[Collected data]
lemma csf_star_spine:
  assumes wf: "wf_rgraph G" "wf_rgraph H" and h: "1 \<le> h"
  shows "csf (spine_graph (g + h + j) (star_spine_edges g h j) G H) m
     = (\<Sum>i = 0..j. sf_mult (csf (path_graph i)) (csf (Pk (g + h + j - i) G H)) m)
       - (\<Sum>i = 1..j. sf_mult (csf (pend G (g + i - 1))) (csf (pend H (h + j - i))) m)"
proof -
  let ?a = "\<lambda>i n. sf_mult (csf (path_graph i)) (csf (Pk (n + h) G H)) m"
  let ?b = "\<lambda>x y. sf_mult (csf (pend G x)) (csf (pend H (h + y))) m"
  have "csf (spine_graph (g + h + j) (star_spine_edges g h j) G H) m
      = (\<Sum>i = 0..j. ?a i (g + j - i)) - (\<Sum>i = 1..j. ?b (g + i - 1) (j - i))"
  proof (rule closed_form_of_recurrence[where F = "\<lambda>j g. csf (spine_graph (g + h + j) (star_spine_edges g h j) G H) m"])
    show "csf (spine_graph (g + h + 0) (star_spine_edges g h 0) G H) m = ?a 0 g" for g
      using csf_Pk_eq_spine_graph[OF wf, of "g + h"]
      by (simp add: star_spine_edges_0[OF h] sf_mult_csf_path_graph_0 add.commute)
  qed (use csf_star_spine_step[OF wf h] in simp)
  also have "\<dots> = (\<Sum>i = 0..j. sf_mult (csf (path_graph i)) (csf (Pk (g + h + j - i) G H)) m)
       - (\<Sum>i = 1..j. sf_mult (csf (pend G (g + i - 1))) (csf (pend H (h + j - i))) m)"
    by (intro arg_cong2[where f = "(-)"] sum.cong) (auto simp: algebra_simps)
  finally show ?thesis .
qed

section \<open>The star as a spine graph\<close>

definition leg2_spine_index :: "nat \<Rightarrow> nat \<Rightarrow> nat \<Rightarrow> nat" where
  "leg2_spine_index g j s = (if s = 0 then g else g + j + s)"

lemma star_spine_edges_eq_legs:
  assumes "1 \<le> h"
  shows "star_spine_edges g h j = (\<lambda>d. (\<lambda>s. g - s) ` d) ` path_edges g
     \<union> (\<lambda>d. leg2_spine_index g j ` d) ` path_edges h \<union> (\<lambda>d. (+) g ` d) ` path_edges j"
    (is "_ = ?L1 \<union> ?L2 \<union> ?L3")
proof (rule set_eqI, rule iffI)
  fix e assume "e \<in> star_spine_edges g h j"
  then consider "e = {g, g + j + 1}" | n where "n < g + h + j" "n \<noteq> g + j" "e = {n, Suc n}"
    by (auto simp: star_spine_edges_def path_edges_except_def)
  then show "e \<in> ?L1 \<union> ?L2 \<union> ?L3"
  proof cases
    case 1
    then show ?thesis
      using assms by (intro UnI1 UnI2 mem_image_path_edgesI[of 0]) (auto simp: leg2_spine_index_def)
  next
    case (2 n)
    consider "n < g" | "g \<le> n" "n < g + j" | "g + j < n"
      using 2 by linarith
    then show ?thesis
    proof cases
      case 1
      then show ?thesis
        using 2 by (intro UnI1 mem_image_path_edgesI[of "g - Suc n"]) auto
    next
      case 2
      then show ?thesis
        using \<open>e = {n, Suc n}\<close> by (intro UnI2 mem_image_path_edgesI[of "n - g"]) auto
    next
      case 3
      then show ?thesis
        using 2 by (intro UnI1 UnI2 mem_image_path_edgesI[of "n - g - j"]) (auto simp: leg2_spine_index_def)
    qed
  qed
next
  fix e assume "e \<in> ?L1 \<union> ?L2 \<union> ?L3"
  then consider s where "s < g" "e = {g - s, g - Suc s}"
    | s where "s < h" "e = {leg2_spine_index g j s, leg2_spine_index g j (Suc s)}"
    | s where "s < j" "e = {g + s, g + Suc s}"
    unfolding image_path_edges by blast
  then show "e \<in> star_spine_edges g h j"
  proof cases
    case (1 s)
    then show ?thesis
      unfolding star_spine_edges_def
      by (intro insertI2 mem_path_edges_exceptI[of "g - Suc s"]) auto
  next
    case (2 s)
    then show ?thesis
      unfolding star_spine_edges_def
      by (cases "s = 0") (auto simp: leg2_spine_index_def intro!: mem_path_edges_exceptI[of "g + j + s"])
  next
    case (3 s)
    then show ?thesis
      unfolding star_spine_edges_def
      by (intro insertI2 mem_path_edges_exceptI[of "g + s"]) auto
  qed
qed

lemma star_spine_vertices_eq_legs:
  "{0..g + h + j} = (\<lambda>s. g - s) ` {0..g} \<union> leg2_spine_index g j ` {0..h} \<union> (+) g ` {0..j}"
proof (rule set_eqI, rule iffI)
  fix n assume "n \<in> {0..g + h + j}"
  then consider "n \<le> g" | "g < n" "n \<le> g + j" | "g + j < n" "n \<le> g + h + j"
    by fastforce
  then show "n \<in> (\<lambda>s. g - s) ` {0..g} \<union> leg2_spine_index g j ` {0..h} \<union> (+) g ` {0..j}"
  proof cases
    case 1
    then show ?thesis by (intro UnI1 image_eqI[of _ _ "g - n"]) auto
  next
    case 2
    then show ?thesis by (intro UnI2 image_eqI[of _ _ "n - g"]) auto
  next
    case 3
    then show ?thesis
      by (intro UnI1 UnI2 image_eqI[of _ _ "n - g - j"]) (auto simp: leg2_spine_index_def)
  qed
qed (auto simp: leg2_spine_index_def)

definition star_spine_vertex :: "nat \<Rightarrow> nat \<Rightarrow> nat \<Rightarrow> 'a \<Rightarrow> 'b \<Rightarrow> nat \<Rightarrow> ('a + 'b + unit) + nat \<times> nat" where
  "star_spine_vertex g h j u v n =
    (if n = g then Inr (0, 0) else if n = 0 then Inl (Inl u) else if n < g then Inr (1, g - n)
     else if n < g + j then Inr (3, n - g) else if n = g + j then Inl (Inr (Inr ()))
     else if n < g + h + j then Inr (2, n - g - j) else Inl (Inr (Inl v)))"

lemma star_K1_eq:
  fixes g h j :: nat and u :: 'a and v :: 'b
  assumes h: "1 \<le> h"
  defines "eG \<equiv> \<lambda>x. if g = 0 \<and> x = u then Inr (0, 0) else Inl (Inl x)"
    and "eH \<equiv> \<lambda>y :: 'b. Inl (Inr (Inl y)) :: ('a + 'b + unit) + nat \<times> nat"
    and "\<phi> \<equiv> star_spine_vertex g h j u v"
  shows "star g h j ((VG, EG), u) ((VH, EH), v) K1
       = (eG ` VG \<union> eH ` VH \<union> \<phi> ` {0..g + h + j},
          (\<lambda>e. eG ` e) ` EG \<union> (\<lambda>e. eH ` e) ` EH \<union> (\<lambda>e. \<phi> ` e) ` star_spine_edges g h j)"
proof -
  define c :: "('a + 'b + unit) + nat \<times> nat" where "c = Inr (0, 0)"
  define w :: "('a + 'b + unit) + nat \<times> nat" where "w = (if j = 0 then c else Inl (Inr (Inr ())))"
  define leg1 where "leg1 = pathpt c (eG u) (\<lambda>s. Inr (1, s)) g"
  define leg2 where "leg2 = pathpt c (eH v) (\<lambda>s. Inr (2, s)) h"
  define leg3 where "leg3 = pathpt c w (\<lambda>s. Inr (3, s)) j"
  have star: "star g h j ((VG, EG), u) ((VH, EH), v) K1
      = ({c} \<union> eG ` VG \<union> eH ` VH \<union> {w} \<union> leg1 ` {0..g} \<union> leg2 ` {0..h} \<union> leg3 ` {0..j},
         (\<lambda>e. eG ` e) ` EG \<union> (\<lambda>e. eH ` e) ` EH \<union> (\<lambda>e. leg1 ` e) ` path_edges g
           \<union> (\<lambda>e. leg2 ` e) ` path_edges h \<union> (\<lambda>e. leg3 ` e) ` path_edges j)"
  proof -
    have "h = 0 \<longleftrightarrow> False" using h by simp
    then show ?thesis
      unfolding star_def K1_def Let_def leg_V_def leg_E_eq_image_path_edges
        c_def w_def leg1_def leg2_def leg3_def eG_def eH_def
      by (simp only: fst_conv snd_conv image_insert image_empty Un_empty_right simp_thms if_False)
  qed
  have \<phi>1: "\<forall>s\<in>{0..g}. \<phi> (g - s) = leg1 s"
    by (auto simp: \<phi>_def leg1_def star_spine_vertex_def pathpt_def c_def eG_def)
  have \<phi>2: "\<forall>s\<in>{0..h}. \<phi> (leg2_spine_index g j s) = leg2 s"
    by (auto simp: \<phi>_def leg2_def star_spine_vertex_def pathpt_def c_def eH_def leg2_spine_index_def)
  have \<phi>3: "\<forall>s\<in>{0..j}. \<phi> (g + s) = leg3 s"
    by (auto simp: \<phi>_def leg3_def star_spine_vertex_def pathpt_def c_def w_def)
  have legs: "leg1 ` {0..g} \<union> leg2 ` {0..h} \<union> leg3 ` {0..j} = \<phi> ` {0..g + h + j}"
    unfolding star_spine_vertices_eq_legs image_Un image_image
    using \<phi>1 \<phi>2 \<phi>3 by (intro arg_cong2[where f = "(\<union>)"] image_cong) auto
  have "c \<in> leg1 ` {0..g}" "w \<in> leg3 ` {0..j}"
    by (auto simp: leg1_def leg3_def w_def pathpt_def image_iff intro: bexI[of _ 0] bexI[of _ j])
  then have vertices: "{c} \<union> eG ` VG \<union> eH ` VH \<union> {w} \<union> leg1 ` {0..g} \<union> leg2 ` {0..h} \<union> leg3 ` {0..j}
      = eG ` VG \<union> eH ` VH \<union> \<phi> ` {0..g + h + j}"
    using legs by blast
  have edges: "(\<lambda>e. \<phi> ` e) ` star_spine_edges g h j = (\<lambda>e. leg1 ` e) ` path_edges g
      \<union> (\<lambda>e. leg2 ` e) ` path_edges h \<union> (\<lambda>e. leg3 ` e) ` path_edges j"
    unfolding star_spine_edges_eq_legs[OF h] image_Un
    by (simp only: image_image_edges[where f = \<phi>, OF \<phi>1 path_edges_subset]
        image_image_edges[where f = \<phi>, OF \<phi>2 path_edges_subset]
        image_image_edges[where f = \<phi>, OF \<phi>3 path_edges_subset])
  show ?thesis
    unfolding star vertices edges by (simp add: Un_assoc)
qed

- EXERCISE PROMPT:
Only the lines containing "definition" are needed; copy each of them from the data.

- SOLUTION FOR THIS PROBLEM:
definition leg2_spine_index :: "nat \<Rightarrow> nat \<Rightarrow> nat \<Rightarrow> nat" where
definition star_spine_vertex :: "nat \<Rightarrow> nat \<Rightarrow> nat \<Rightarrow> 'a \<Rightarrow> 'b \<Rightarrow> nat \<Rightarrow> ('a + 'b + unit) + nat \<times> nat" where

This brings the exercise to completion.